The full listing, from first line to last, should be set down again exactly.

╭─ Given records

lemma toK_ldv:
  assumes "bounded_deg F"
  shows "toK u (ldv F) = ldv (toK u F)"
proof (intro ext)
  fix m x
  obtain N where F: "deg_le N F"
    using assms bounded_deg_def by blast
  have F1: "deg_le (N + 1) F" and dF: "deg_le N (ldv F)"
    using deg_le_mono[OF F] deg_le_mono[OF deg_le_ldv[OF F]] by simp_all
  have "ldv (toK u F) m x = of_int (m + 1) * (\<Sum>j\<in>{m..N+1}. F j x * shift_coeff (- u x) j (m + 1))"
    using toK_eq_sum[OF F1, of m "m + 1"] by simp
  also have "\<dots> = (\<Sum>j\<in>{m..N+1}. F j x * (of_int (m + 1) * shift_coeff (- u x) j (m + 1)))"
    by (simp add: sum_distrib_left algebra_simps)
  also have "\<dots> = (\<Sum>j\<in>{m..N+1}. F j x * (of_int j * shift_coeff (- u x) (j - 1) m))"
    by (simp only: shift_coeff_deriv)
  also have "\<dots> = (\<Sum>j\<in>{m+1..N+1}. F j x * (of_int j * shift_coeff (- u x) (j - 1) m))"
    by (rule sum.mono_neutral_right) auto
  also have "\<dots> = (\<Sum>j\<in>{m..N}. ldv F j x * shift_coeff (- u x) j m)"
    by (rule sum.reindex_bij_witness[of _ "\<lambda>j. j + 1" "\<lambda>j. j - 1"]) (auto simp: algebra_simps)
  also have "\<dots> = toK u (ldv F) m x"
    by (simp add: toK_eq_sum[OF dF order_refl])
  finally show "toK u (ldv F) m x = ldv (toK u F) m x" ..
qed

lemma lmul_toK_eq_double_sum:
  assumes F: "deg_le N1 F" and G: "deg_le N2 G"
  shows "lmul (toK u F) (toK u G) m x = (\<Sum>j\<in>{m-N2..N1}. \<Sum>l\<in>{m-N1..N2}.
      F j x * G l x * shift_coeff (- u x) (j + l) m)"
proof -
  let ?c = "shift_coeff (- u x)" and ?I = "{m-N2..N1}" and ?J = "{m-N2..N1}" and ?L = "{m-N1..N2}"
  have "lmul (toK u F) (toK u G) m x = (\<Sum>i\<in>?I. toK u F i x * toK u G (m-i) x)"
    by (rule lmul_eq_sum[OF deg_le_toK[OF F] deg_le_toK[OF G]])
  also have "\<dots> = (\<Sum>i\<in>?I. (\<Sum>j\<in>?J. F j x * ?c j i) * (\<Sum>l\<in>?L. G l x * ?c l (m-i)))"
    by (intro sum.cong refl) (simp add: toK_eq_sum[OF F, of "m-N2"] toK_eq_sum[OF G, of "m-N1"])
  also have "\<dots> = (\<Sum>i\<in>?I. \<Sum>j\<in>?J. \<Sum>l\<in>?L. F j x * G l x * (?c j i * ?c l (m-i)))"
    by (simp add: sum_product algebra_simps)
  also have "\<dots> = (\<Sum>j\<in>?J. \<Sum>i\<in>?I. \<Sum>l\<in>?L. F j x * G l x * (?c j i * ?c l (m-i)))"
    by (rule sum.swap[of "\<lambda>i j. \<Sum>l\<in>?L. F j x * G l x * (?c j i * ?c l (m-i))"])
  also have "\<dots> = (\<Sum>j\<in>?J. \<Sum>l\<in>?L. \<Sum>i\<in>?I. F j x * G l x * (?c j i * ?c l (m-i)))"
    by (intro sum.cong refl sum.swap)
  also have "\<dots> = (\<Sum>j\<in>?J. \<Sum>l\<in>?L. F j x * G l x * (\<Sum>i\<in>?I. ?c j i * ?c l (m-i)))"
    by (simp add: sum_distrib_left)
  also have "\<dots> = (\<Sum>j\<in>?J. \<Sum>l\<in>?L. F j x * G l x * ?c (j + l) m)"
    by (intro sum.cong refl) (simp add: shift_coeff_convolution)
  finally show ?thesis .
qed
(* Let $p$ be a prime, $k \geq 1$ an integer, $N = p^{2k+1}$, and let $d$ be odd. In the coefficient-choosing game of degree $d$ over $\mathbb{Z}/N\mathbb{Z}$, Wanda has a winning strategy (whether she moves first or second).
   Context: The coefficient-choosing game of degree $d$ over a finite ring $R = \mathbb{Z}/N\mathbb{Z}$: Nora and Wanda alternately choose coefficients of $f(x) = a_d x^d + \cdots + a_0$; on each move the current player picks a not-yet-chosen coefficient and assigns it a value in $R$, subject to $a_d \neq 0$, $a_0 \neq 0$. After all $d+1$ coefficients are chosen, Wanda wins if $f$ has a root in $R$, and Nora wins otherwise. *)

theory Defs
  imports "HOL-Computational_Algebra.Primes"
begin

text \<open>Residues are represented by
naturals in {0..<N}.  A position is a partial assignment of coefficients
(index i \<le> d maps to Some value, or None if not yet chosen).\<close>

definition legal_move :: "nat \<Rightarrow> nat \<Rightarrow> nat \<Rightarrow> nat \<Rightarrow> bool" where
  "legal_move N d i v \<longleftrightarrow> v < N \<and> ((i = d \<or> i = 0) \<longrightarrow> v \<noteq> 0)"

╰─

**Expected output:**
lemma toK_ldv:
  assumes "bounded_deg F"
  shows "toK u (ldv F) = ldv (toK u F)"
proof (intro ext)
  fix m x
  obtain N where F: "deg_le N F"
    using assms bounded_deg_def by blast
  have F1: "deg_le (N + 1) F" and dF: "deg_le N (ldv F)"
    using deg_le_mono[OF F] deg_le_mono[OF deg_le_ldv[OF F]] by simp_all
  have "ldv (toK u F) m x = of_int (m + 1) * (\<Sum>j\<in>{m..N+1}. F j x * shift_coeff (- u x) j (m + 1))"
    using toK_eq_sum[OF F1, of m "m + 1"] by simp
  also have "\<dots> = (\<Sum>j\<in>{m..N+1}. F j x * (of_int (m + 1) * shift_coeff (- u x) j (m + 1)))"
    by (simp add: sum_distrib_left algebra_simps)
  also have "\<dots> = (\<Sum>j\<in>{m..N+1}. F j x * (of_int j * shift_coeff (- u x) (j - 1) m))"
    by (simp only: shift_coeff_deriv)
  also have "\<dots> = (\<Sum>j\<in>{m+1..N+1}. F j x * (of_int j * shift_coeff (- u x) (j - 1) m))"
    by (rule sum.mono_neutral_right) auto
  also have "\<dots> = (\<Sum>j\<in>{m..N}. ldv F j x * shift_coeff (- u x) j m)"
    by (rule sum.reindex_bij_witness[of _ "\<lambda>j. j + 1" "\<lambda>j. j - 1"]) (auto simp: algebra_simps)
  also have "\<dots> = toK u (ldv F) m x"
    by (simp add: toK_eq_sum[OF dF order_refl])
  finally show "toK u (ldv F) m x = ldv (toK u F) m x" ..
qed

lemma lmul_toK_eq_double_sum:
  assumes F: "deg_le N1 F" and G: "deg_le N2 G"
  shows "lmul (toK u F) (toK u G) m x = (\<Sum>j\<in>{m-N2..N1}. \<Sum>l\<in>{m-N1..N2}.
      F j x * G l x * shift_coeff (- u x) (j + l) m)"
proof -
  let ?c = "shift_coeff (- u x)" and ?I = "{m-N2..N1}" and ?J = "{m-N2..N1}" and ?L = "{m-N1..N2}"
  have "lmul (toK u F) (toK u G) m x = (\<Sum>i\<in>?I. toK u F i x * toK u G (m-i) x)"
    by (rule lmul_eq_sum[OF deg_le_toK[OF F] deg_le_toK[OF G]])
  also have "\<dots> = (\<Sum>i\<in>?I. (\<Sum>j\<in>?J. F j x * ?c j i) * (\<Sum>l\<in>?L. G l x * ?c l (m-i)))"
    by (intro sum.cong refl) (simp add: toK_eq_sum[OF F, of "m-N2"] toK_eq_sum[OF G, of "m-N1"])
  also have "\<dots> = (\<Sum>i\<in>?I. \<Sum>j\<in>?J. \<Sum>l\<in>?L. F j x * G l x * (?c j i * ?c l (m-i)))"
    by (simp add: sum_product algebra_simps)
  also have "\<dots> = (\<Sum>j\<in>?J. \<Sum>i\<in>?I. \<Sum>l\<in>?L. F j x * G l x * (?c j i * ?c l (m-i)))"
    by (rule sum.swap[of "\<lambda>i j. \<Sum>l\<in>?L. F j x * G l x * (?c j i * ?c l (m-i))"])
  also have "\<dots> = (\<Sum>j\<in>?J. \<Sum>l\<in>?L. \<Sum>i\<in>?I. F j x * G l x * (?c j i * ?c l (m-i)))"
    by (intro sum.cong refl sum.swap)
  also have "\<dots> = (\<Sum>j\<in>?J. \<Sum>l\<in>?L. F j x * G l x * (\<Sum>i\<in>?I. ?c j i * ?c l (m-i)))"
    by (simp add: sum_distrib_left)
  also have "\<dots> = (\<Sum>j\<in>?J. \<Sum>l\<in>?L. F j x * G l x * ?c (j + l) m)"
    by (intro sum.cong refl) (simp add: shift_coeff_convolution)
  finally show ?thesis .
qed
(* Let $p$ be a prime, $k \geq 1$ an integer, $N = p^{2k+1}$, and let $d$ be odd. In the coefficient-choosing game of degree $d$ over $\mathbb{Z}/N\mathbb{Z}$, Wanda has a winning strategy (whether she moves first or second).
   Context: The coefficient-choosing game of degree $d$ over a finite ring $R = \mathbb{Z}/N\mathbb{Z}$: Nora and Wanda alternately choose coefficients of $f(x) = a_d x^d + \cdots + a_0$; on each move the current player picks a not-yet-chosen coefficient and assigns it a value in $R$, subject to $a_d \neq 0$, $a_0 \neq 0$. After all $d+1$ coefficients are chosen, Wanda wins if $f$ has a root in $R$, and Nora wins otherwise. *)

theory Defs
  imports "HOL-Computational_Algebra.Primes"
begin

text \<open>Residues are represented by
naturals in {0..<N}.  A position is a partial assignment of coefficients
(index i \<le> d maps to Some value, or None if not yet chosen).\<close>

definition legal_move :: "nat \<Rightarrow> nat \<Rightarrow> nat \<Rightarrow> nat \<Rightarrow> bool" where
  "legal_move N d i v \<longleftrightarrow> v < N \<and> ((i = d \<or> i = 0) \<longrightarrow> v \<noteq> 0)"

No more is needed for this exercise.